** RECORDED DATA follows **

(* Let $f(x)=\mathbb{E}[F(x,\omega)]$ be $\tau$-strongly convex on $\mathbb{R}^n$ ($\tau>0$), and suppose: (a) for every $\omega\in\Omega$, $F(\cdot,\omega)$ is convex and continuously differentiable on $\mathbb{R}^n$, and $f$ is $C^1$ with $L$-Lipschitz continuous gradient; (b) for all $k\ge 0$, with $\bar w_{k,N_k}\triangleq \nabla f(x_k)-\frac{1}{N_k}\sum_{j=1}^{N_k}\nabla_x F(x_k,\omega_{j,k})$, there are $\nu_1,\nu_2>0$ with $\mathbb{E}[\|\bar w_{k,N_k}\|^2\mid\mathcal{F}_k]\le \frac{\nu_1^2\|x_k\|^2+\nu_2^2}{N_k}$ and $\mathbb{E}[\bar w_{k,N_k}\mid \mathcal{F}_k]=0$ almost surely; (c) every $H_k$ is $\mathcal{F}_k$-measurable, symmetric positive definite, and $\underline{\lambda}\mathbf{I}\preceq H_k\preceq\overline{\lambda}\mathbf{I}$ almost surely for all $k\ge0$, for constants $0<\underline{\lambda}\le\overline{\lambda}$. Let $\{x_k\}$ be generated by $x_{k+1}=x_k-\gamma_kH_k\frac{1}{N_k}\sum_{j=1}^{N_k}\nabla_xF(x_k,\omega_{j,k})$, where $\{N_k\}$ is an increasing sequence of positive integers with $N_0>\frac{2\nu_1^2\overline{\lambda}}{\tau^2\underline{\lambda}}$ and $\gamma_k=\frac{1}{L\overline{\lambda}}$ for all $k$. Then for all $k\ge1$, $$\mathbb{E}[f(x_{k+1})-f(x^* )]\le\Big(1-\frac{\tau\underline{\lambda}}{L\overline{\lambda}}+\frac{2\nu_1^2}{L\tau N_0}\Big)\mathbb{E}[f(x_k)-f(x^* )]+\frac{2\nu_1^2\|x^*\|^2+\nu_2^2}{2LN_k}.$$
   Context: $(\Omega,\mathcal{F},\mathbb{P})$ is a probability space, $\xi:\Omega\to\mathbb{R}^o$ a random vector, $F:\mathbb{R}^n\times\mathbb{R}^o\to\mathbb{R}$, and $F(x,\omega)$ abbreviates $F(x,\xi(\omega))$; the problem is $\min_{x\in\mathbb{R}^n}f(x)$ with (unique) minimizer $x^*$. At iteration $k$, $\omega_{1,k},\dots,\omega_{N_k,k}$ are the sampled realizations of $\omega$, $x_0\in\mathbb{R}^n$ is given, and $\mathcal{F}_k\triangleq\sigma\{x_0,x_1,\dots,x_{k-1}\}$. *)

theory Defs
  imports "HOL-Analysis.Analysis" "HOL-Probability.Probability"
begin

definition strongly_convex_on :: "'a::real_normed_vector set \<Rightarrow> real \<Rightarrow> ('a \<Rightarrow> real) \<Rightarrow> bool" where
  "strongly_convex_on S \<tau> f \<longleftrightarrow>
     (\<forall>x\<in>S. \<forall>y\<in>S. \<forall>t\<in>{0..1::real}.
        f ((1 - t) *\<^sub>R x + t *\<^sub>R y) \<le> (1 - t) * f x + t * f y - \<tau> / 2 * t * (1 - t) * (norm (x - y))\<^sup>2)"

definition gen_sigma :: "'a measure \<Rightarrow> (nat \<Rightarrow> 'a \<Rightarrow> 'b::topological_space) \<Rightarrow> nat set \<Rightarrow> 'a measure" where
  "gen_sigma M X I = sigma (space M) (\<Union>i\<in>I. {X i -` A \<inter> space M | A. A \<in> sets borel})"

end

(*
  With step size 1/(L lam_hi), the descent lemma for the L-smooth f at the step
  x - (1/(L lam_hi)) H (g - w), where g is the gradient and w the sampling error, gives
  f(x') <= f(x) - (g.Hg - w.Hw) / (2 L lam_hi): the cross term between g and w cancels exactly,
  and the quadratic term is controlled by |Hv|^2 <= lam_hi v.Hv.  Bounding g.Hg below by
  lam_lo |g|^2 >= 2 tau lam_lo (f(x) - f(xs)) (Polyak-Lojasiewicz) and w.Hw above by
  lam_hi |w|^2 yields, pointwise,
    f(x_{k+1}) - f(xs) <= (1 - tau lam_lo / (L lam_hi)) (f(x_k) - f(xs)) + |w_k|^2 / (2 L).
  In expectation, the tower property turns the conditional variance bound into
  E|w_k|^2 <= (nu1^2 E|x_k|^2 + nu2^2) / N_k, quadratic growth gives
  |x_k|^2 <= 4/tau (f(x_k) - f(xs)) + 2 |xs|^2, and N_0 <= N_k.

  Since the cross term cancels pointwise, the noise need not have mean zero, the functions F
  enter only through w, and the lower bound on N_0 merely makes the contraction factor less
  than one; the inequality holds for every k, including k = 0.
*)
theory Submission
  imports Defs
begin

section \<open>Smooth strongly convex functions\<close>

lemma has_real_derivative_GDERIV_line:
  fixes f :: "'a::real_inner \<Rightarrow> real"
  assumes "\<And>x. GDERIV f x :> g x"
  shows "((\<lambda>t. f (x + t *\<^sub>R d)) has_real_derivative (g (x + t *\<^sub>R d) \<bullet> d)) (at t)"
proof -
  have outer: "(f has_derivative (\<lambda>h. h \<bullet> g (x + t *\<^sub>R d))) (at (x + t *\<^sub>R d))"
    using assms gderiv_def by blast
  have inner: "((\<lambda>t. x + t *\<^sub>R d) has_derivative (\<lambda>s. s *\<^sub>R d)) (at t)"
    by (auto intro!: derivative_eq_intros)
  have "(\<lambda>s. (s *\<^sub>R d) \<bullet> g (x + t *\<^sub>R d)) = (*) (g (x + t *\<^sub>R d) \<bullet> d)"
    by (auto simp: fun_eq_iff inner_commute)
  then show ?thesis
    using has_derivative_compose[OF inner outer] by (simp add: has_field_derivative_def)
qed

lemma lipschitz_gradient_upper_bound:
  fixes f :: "'a::real_inner \<Rightarrow> real"
  assumes grad: "\<And>x. GDERIV f x :> g x"
    and lip: "\<And>x y. norm (g x - g y) \<le> L * norm (x - y)"
  shows "f y \<le> f x + g x \<bullet> (y - x) + L / 2 * (norm (y - x))\<^sup>2"
proof -
  define d where "d = y - x"
  define \<phi> where "\<phi> t = f (x + t *\<^sub>R d) - t * (g x \<bullet> d) - L / 2 * t\<^sup>2 * (norm d)\<^sup>2" for t
  have "\<phi> 1 \<le> \<phi> 0"
  proof (rule DERIV_nonpos_imp_nonincreasing[of 0 1])
    fix t :: real assume t: "0 \<le> t" "t \<le> 1"
    have deriv: "(\<phi> has_real_derivative
        (g (x + t *\<^sub>R d) \<bullet> d - g x \<bullet> d - L / 2 * (2 * t) * (norm d)\<^sup>2)) (at t)"
      unfolding \<phi>_def
      by (rule derivative_eq_intros has_real_derivative_GDERIV_line[OF grad] refl | simp)+
    have "(g (x + t *\<^sub>R d) - g x) \<bullet> d \<le> norm (g (x + t *\<^sub>R d) - g x) * norm d"
      by (rule norm_cauchy_schwarz)
    also have "\<dots> \<le> L * norm (t *\<^sub>R d) * norm d"
      using lip[of "x + t *\<^sub>R d" x] by (intro mult_right_mono) auto
    also have "\<dots> = L * t * (norm d)\<^sup>2"
      using t by (simp add: power2_eq_square)
    finally have "g (x + t *\<^sub>R d) \<bullet> d - g x \<bullet> d - L / 2 * (2 * t) * (norm d)\<^sup>2 \<le> 0"
      by (simp add: inner_diff_left)
    with deriv show "\<exists>y. (\<phi> has_real_derivative y) (at t) \<and> y \<le> 0"
      by blast
  qed simp
  then show ?thesis
    by (simp add: \<phi>_def d_def)
qed

text \<open>The strong convexity inequality at the points \<open>x + t (y - x)\<close>, divided by \<open>t\<close>, tends
  to the claim as \<open>t \<rightarrow> 0\<^sup>+\<close>.\<close>
lemma strongly_convex_gradient_lower_bound:
  fixes f :: "'a::real_inner \<Rightarrow> real"
  assumes grad: "\<And>x. GDERIV f x :> g x"
    and sc: "strongly_convex_on UNIV \<tau> f"
  shows "f x + g x \<bullet> (y - x) + \<tau> / 2 * (norm (y - x))\<^sup>2 \<le> f y"
proof -
  define d where "d = y - x"
  define q where "q t = f y - f x - \<tau> / 2 * (1 - t) * (norm d)\<^sup>2" for t
  have deriv: "((\<lambda>t. f (x + t *\<^sub>R d)) has_real_derivative (g x \<bullet> d)) (at 0)"
    using has_real_derivative_GDERIV_line[OF grad, of x d 0] by simp
  have slope: "((\<lambda>t. (f (x + t *\<^sub>R d) - f x) / t) \<longlongrightarrow> g x \<bullet> d) (at_right 0)"
    using has_field_derivative_at_within[OF deriv, of "{0<..}"]
    unfolding has_field_derivative_iff by simp
  have "(q \<longlongrightarrow> q 0) (at_right 0)"
    unfolding q_def by (intro tendsto_intros)
  moreover have "eventually (\<lambda>t. (f (x + t *\<^sub>R d) - f x) / t \<le> q t) (at_right 0)"
    unfolding eventually_at_right[OF zero_less_one]
  proof (intro exI[of _ 1] conjI allI impI)
    fix t :: real assume t: "0 < t" "t < 1"
    have "f ((1 - t) *\<^sub>R x + t *\<^sub>R y) \<le> (1 - t) * f x + t * f y - \<tau> / 2 * t * (1 - t) * (norm (x - y))\<^sup>2"
      using sc t unfolding strongly_convex_on_def by auto
    moreover have "(1 - t) *\<^sub>R x + t *\<^sub>R y = x + t *\<^sub>R d" "norm (x - y) = norm d"
      by (simp_all add: d_def algebra_simps norm_minus_commute)
    ultimately have "f (x + t *\<^sub>R d) - f x \<le> t * q t"
      by (simp add: q_def algebra_simps)
    then show "(f (x + t *\<^sub>R d) - f x) / t \<le> q t"
      using t by (simp add: divide_le_eq mult.commute)
  qed simp
  ultimately have "g x \<bullet> d \<le> q 0"
    using slope by (intro tendsto_le[of "at_right 0"]) auto
  then show ?thesis
    by (simp add: q_def d_def)
qed

lemma strongly_convex_gradient_dominance:
  fixes f :: "'a::real_inner \<Rightarrow> real"
  assumes grad: "\<And>x. GDERIV f x :> g x"
    and sc: "strongly_convex_on UNIV \<tau> f" and "\<tau> > 0"
  shows "2 * \<tau> * (f x - f y) \<le> (norm (g x))\<^sup>2"
proof -
  let ?r = "norm (y - x)"
  have "- (norm (g x) * ?r) \<le> g x \<bullet> (y - x)"
    using norm_cauchy_schwarz[of "- g x" "y - x"] by simp
  then have "f x - f y \<le> norm (g x) * ?r - \<tau> / 2 * ?r\<^sup>2"
    using strongly_convex_gradient_lower_bound[OF grad sc, of x y] by simp
  then have "2 * \<tau> * (f x - f y) \<le> 2 * \<tau> * (norm (g x) * ?r - \<tau> / 2 * ?r\<^sup>2)"
    using \<open>\<tau> > 0\<close> by simp
  also have "\<dots> = (norm (g x))\<^sup>2 - (norm (g x) - \<tau> * ?r)\<^sup>2"
    by (simp add: power2_eq_square algebra_simps)
  also have "\<dots> \<le> (norm (g x))\<^sup>2"
    by simp
  finally show ?thesis .
qed

lemma GDERIV_zero_at_minimum:
  fixes f :: "'a::real_inner \<Rightarrow> real"
  assumes "GDERIV f x :> g" and "\<And>y. f x \<le> f y"
  shows "g = 0"
proof -
  have "(\<lambda>h. h \<bullet> g) = (\<lambda>h. 0)"
    using assms by (intro differential_zero_maxmin[of x UNIV]) (auto simp: gderiv_def)
  then have "g \<bullet> g = 0"
    by meson
  then show ?thesis
    by simp
qed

** End of RECORDED DATA **

Where a line in the entries holds "lemma", copy that line.

  With step size 1/(L lam_hi), the descent lemma for the L-smooth f at the step
lemma has_real_derivative_GDERIV_line:
lemma lipschitz_gradient_upper_bound:
lemma strongly_convex_gradient_lower_bound:
lemma strongly_convex_gradient_dominance:
lemma GDERIV_zero_at_minimum:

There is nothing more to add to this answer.